What this task involves = Exactly how many lines in the entries contain "ultimately"? Give that number alone.

Records for the exercise =
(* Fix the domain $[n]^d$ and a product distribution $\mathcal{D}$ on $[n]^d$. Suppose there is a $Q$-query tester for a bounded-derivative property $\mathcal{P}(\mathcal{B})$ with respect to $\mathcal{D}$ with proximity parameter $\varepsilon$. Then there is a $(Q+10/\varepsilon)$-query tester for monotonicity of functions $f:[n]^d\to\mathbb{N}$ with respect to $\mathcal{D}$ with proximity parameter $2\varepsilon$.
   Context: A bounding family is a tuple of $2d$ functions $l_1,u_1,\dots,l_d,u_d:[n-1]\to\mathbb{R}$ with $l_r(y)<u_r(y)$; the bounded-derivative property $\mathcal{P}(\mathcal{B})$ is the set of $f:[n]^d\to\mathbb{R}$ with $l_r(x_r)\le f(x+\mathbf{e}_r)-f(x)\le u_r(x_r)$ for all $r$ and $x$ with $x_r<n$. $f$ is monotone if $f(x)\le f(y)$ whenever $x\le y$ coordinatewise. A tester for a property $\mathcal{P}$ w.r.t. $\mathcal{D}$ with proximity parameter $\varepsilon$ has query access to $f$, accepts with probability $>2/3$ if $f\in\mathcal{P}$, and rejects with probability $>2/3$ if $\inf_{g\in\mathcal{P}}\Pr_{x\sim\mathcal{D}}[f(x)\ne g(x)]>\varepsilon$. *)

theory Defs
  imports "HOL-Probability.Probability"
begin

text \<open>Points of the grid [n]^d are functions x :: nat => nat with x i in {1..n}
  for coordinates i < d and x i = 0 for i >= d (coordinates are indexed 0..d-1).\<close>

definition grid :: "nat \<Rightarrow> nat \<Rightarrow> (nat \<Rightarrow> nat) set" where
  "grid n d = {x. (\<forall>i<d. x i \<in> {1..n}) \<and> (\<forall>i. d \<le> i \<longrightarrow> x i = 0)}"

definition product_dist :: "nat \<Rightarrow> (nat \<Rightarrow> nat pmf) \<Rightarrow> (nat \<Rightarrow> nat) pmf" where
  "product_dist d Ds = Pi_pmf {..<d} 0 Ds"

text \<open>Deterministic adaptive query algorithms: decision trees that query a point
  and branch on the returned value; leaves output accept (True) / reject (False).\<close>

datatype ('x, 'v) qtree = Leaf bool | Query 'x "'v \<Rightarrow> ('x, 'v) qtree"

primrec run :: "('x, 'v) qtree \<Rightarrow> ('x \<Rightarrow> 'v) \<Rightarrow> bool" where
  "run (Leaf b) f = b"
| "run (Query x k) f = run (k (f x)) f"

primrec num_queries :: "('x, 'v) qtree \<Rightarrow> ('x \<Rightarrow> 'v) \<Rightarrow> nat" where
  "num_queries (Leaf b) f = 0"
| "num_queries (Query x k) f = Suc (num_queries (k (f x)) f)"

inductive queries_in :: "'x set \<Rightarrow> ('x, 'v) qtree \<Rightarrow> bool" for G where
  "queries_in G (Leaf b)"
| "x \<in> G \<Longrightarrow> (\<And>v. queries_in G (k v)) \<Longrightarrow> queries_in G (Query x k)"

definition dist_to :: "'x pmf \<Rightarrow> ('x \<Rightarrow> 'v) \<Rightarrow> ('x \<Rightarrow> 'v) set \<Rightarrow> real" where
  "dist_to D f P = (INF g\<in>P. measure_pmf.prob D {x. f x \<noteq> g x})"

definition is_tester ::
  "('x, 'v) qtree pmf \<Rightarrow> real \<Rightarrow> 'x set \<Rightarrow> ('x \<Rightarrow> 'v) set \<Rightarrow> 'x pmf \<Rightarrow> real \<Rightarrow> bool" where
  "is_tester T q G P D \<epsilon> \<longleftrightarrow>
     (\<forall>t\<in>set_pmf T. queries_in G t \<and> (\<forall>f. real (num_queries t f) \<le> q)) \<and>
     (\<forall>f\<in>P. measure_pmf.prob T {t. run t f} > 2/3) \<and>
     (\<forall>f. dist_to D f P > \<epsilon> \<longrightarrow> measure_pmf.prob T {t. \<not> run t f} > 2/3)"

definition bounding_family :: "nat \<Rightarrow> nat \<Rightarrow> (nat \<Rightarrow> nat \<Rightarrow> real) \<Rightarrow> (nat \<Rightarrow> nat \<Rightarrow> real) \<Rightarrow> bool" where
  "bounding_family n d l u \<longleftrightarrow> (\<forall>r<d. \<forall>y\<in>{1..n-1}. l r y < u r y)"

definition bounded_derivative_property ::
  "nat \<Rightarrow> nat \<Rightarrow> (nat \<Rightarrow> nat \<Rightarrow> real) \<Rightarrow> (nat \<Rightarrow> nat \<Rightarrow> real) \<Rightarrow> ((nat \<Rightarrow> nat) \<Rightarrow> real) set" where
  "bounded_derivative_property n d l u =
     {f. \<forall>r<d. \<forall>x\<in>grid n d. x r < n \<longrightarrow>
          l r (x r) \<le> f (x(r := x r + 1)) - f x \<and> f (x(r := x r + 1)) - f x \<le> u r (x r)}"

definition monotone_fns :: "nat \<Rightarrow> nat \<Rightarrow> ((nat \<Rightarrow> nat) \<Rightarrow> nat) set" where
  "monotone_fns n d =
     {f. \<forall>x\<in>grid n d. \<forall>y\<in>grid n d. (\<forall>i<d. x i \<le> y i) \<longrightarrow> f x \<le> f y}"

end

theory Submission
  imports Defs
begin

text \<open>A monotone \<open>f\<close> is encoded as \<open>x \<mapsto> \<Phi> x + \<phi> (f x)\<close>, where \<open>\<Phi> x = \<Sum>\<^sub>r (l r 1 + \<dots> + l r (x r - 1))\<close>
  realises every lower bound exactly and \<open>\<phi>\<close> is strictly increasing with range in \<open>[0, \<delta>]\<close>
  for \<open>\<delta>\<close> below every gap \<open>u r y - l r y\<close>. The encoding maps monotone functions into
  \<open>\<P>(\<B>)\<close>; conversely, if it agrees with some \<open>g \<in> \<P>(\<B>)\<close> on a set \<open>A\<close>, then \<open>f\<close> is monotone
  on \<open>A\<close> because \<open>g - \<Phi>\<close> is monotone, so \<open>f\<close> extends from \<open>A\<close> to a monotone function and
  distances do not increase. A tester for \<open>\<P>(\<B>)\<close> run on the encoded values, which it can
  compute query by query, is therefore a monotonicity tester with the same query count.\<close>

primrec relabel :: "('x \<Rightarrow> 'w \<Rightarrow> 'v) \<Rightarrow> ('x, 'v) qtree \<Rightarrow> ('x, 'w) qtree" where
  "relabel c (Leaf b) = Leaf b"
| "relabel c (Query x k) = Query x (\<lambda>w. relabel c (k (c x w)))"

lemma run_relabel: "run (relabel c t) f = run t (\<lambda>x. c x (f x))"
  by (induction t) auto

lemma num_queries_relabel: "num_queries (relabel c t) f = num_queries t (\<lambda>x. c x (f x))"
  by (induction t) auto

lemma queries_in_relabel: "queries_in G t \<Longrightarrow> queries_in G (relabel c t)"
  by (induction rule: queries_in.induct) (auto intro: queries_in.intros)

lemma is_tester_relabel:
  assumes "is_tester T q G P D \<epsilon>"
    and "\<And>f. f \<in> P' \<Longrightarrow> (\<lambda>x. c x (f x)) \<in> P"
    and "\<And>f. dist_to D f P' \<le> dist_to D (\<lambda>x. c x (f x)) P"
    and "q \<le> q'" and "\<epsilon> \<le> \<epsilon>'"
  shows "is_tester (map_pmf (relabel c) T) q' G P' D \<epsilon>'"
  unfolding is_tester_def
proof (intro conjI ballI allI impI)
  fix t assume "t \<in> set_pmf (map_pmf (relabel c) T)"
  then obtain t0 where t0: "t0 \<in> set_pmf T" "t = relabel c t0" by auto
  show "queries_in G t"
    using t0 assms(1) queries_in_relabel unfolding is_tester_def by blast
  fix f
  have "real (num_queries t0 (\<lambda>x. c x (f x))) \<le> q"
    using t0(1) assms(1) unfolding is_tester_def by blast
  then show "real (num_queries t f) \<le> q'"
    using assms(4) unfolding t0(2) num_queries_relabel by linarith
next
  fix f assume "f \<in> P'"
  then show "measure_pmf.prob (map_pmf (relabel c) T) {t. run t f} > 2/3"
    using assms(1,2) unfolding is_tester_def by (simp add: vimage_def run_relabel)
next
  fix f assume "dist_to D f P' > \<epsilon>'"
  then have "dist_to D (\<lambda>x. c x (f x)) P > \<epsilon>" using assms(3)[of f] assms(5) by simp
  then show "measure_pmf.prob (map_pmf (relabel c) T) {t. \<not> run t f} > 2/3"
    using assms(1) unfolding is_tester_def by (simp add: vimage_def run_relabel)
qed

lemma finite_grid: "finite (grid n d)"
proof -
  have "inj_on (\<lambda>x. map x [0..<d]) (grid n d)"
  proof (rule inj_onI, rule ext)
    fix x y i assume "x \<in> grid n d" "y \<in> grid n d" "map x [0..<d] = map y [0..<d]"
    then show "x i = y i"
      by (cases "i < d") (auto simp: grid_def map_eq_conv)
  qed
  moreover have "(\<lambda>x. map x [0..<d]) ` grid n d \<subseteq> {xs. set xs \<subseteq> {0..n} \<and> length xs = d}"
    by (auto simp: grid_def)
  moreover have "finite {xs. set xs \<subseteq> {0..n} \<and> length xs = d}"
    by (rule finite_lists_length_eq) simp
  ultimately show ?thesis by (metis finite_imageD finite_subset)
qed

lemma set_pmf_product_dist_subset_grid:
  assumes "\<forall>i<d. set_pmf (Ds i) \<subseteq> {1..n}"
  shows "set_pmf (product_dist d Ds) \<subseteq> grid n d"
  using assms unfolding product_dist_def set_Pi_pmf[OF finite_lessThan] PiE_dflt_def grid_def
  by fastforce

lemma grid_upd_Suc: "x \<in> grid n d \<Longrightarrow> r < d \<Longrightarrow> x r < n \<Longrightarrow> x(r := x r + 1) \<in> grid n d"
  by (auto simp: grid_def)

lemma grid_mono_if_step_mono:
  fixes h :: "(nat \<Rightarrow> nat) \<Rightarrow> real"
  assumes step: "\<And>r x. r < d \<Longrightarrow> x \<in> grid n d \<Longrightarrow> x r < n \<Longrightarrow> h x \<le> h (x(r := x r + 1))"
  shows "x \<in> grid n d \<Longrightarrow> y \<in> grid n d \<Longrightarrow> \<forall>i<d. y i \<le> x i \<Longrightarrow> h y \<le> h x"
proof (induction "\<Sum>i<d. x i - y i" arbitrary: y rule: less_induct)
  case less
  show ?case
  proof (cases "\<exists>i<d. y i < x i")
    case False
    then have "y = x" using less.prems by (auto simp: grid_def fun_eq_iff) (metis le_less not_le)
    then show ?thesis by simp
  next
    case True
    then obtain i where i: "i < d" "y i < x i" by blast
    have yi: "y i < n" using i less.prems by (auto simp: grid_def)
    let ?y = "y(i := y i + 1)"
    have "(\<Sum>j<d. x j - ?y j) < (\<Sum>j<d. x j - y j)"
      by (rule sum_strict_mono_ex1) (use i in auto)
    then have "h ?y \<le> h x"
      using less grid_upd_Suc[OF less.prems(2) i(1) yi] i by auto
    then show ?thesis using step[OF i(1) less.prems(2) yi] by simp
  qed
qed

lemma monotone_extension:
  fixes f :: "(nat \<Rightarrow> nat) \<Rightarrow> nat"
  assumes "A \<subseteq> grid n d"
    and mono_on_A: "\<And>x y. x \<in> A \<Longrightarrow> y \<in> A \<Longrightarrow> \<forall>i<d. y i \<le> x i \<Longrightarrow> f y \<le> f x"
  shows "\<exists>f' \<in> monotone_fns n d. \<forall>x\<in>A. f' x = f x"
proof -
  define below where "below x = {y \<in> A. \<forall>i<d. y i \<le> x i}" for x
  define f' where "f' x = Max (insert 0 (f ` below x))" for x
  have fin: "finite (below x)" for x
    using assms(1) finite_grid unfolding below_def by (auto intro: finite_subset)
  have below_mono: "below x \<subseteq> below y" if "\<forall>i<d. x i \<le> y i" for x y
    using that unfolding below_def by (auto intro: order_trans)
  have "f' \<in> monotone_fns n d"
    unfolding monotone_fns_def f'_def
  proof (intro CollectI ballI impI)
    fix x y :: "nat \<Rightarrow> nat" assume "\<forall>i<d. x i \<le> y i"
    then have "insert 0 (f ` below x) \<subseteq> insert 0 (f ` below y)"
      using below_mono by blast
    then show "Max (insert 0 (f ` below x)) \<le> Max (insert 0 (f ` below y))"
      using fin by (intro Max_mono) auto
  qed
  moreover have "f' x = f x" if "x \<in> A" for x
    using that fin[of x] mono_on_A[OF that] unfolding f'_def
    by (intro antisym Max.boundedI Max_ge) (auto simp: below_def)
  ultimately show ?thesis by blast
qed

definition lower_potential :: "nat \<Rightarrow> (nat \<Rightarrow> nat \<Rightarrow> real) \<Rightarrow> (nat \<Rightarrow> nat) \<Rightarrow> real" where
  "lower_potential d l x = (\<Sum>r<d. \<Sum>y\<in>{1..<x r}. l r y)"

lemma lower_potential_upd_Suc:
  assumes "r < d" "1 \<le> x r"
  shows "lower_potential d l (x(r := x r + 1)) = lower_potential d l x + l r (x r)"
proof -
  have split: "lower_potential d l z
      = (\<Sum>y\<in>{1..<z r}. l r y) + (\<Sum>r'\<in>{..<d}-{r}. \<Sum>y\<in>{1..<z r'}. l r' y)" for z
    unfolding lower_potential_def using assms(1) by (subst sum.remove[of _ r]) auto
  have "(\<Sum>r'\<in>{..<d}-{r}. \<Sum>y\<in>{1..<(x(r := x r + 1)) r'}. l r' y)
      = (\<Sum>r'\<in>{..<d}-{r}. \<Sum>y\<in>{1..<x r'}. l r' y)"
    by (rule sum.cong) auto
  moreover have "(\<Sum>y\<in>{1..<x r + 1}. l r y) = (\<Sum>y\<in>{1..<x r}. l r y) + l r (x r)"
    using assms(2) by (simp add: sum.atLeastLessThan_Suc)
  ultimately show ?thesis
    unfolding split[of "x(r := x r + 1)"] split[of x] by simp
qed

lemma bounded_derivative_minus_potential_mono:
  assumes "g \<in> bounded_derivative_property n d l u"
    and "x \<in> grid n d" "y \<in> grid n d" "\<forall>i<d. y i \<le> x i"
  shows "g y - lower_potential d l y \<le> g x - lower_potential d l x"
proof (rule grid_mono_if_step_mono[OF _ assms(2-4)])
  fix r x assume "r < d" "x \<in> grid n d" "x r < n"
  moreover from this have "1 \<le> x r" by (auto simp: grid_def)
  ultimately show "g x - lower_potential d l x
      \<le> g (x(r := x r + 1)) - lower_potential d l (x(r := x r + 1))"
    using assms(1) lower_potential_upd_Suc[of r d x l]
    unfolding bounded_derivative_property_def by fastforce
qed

Reply to the task = 4